### Entries shown
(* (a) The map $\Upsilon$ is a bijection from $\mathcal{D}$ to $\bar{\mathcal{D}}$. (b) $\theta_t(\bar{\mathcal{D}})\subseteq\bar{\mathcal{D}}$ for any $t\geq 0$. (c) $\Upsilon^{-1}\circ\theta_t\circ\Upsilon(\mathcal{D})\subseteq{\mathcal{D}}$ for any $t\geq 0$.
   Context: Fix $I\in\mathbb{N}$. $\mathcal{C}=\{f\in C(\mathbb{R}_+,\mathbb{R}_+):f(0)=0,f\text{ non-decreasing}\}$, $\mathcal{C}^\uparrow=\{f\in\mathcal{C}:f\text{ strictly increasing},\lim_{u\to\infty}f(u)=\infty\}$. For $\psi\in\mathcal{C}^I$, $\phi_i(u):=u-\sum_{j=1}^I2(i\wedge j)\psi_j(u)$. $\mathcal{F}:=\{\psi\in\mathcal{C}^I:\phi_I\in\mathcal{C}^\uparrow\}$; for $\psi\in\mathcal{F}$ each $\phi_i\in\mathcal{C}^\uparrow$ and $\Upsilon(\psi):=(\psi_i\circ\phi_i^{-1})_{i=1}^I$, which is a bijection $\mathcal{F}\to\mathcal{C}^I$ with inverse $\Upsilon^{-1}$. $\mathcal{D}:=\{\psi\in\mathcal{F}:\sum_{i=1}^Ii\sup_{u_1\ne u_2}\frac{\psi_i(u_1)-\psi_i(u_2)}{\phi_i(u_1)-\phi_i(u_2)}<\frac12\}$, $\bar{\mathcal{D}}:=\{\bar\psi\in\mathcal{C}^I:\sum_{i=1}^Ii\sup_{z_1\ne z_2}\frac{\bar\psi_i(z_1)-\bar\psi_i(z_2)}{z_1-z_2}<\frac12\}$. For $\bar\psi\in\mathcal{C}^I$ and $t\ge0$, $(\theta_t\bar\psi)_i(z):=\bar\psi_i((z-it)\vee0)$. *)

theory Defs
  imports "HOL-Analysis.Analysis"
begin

--

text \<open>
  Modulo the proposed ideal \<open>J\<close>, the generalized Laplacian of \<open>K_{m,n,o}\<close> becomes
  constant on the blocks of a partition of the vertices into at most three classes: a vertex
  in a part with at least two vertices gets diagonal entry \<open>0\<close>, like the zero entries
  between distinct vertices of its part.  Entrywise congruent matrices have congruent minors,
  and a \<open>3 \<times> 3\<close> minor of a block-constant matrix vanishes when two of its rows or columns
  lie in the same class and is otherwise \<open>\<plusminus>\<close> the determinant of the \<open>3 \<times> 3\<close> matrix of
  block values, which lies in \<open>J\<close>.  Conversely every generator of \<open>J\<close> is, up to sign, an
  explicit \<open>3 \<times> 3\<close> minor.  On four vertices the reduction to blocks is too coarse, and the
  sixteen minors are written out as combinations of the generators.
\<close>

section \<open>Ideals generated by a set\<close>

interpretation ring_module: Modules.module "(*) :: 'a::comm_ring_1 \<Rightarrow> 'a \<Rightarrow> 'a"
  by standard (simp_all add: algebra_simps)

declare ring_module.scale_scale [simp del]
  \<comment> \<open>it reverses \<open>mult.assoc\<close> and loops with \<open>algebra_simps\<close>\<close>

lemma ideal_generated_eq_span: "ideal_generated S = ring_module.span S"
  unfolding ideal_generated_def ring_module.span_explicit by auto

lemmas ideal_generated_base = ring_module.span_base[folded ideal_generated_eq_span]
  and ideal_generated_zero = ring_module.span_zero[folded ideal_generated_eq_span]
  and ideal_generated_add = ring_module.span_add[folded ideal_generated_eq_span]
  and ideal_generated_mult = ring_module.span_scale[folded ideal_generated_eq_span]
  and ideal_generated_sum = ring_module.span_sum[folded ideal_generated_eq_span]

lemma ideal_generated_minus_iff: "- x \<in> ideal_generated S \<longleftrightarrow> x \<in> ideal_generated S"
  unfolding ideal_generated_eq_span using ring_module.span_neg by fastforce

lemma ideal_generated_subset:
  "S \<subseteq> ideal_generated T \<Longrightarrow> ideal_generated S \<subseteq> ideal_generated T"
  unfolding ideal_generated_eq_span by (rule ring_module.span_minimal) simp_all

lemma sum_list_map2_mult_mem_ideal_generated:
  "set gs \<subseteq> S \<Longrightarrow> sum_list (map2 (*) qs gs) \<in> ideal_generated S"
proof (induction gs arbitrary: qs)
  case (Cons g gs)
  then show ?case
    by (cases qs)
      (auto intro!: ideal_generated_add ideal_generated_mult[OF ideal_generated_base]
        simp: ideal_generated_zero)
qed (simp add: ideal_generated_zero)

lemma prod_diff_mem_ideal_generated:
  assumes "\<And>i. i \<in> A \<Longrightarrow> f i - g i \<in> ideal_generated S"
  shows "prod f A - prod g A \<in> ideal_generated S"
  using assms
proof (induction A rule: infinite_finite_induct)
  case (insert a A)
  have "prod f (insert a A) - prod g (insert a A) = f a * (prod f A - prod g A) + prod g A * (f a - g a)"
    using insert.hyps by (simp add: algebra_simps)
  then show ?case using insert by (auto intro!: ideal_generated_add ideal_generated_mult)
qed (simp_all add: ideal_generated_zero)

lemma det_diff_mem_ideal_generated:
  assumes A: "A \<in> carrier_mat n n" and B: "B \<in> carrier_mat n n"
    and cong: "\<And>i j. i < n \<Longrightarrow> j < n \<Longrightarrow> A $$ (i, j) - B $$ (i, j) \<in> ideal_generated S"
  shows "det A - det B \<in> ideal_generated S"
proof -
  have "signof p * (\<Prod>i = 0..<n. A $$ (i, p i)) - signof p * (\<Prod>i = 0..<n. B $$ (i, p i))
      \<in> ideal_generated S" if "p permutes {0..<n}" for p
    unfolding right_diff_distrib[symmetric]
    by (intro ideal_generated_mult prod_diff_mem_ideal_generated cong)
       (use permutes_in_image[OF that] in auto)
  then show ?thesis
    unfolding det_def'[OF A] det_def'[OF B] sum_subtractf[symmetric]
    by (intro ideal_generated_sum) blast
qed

### The task
Could you write out, exactly as they stand, only the lines above that begin at the line with "det B \<in>" and stop after the line with "unfolding right_diff_distrib[symmetric]"?

### Result of the exercise
  shows "det A - det B \<in> ideal_generated S"
proof -
  have "signof p * (\<Prod>i = 0..<n. A $$ (i, p i)) - signof p * (\<Prod>i = 0..<n. B $$ (i, p i))
      \<in> ideal_generated S" if "p permutes {0..<n}" for p
    unfolding right_diff_distrib[symmetric]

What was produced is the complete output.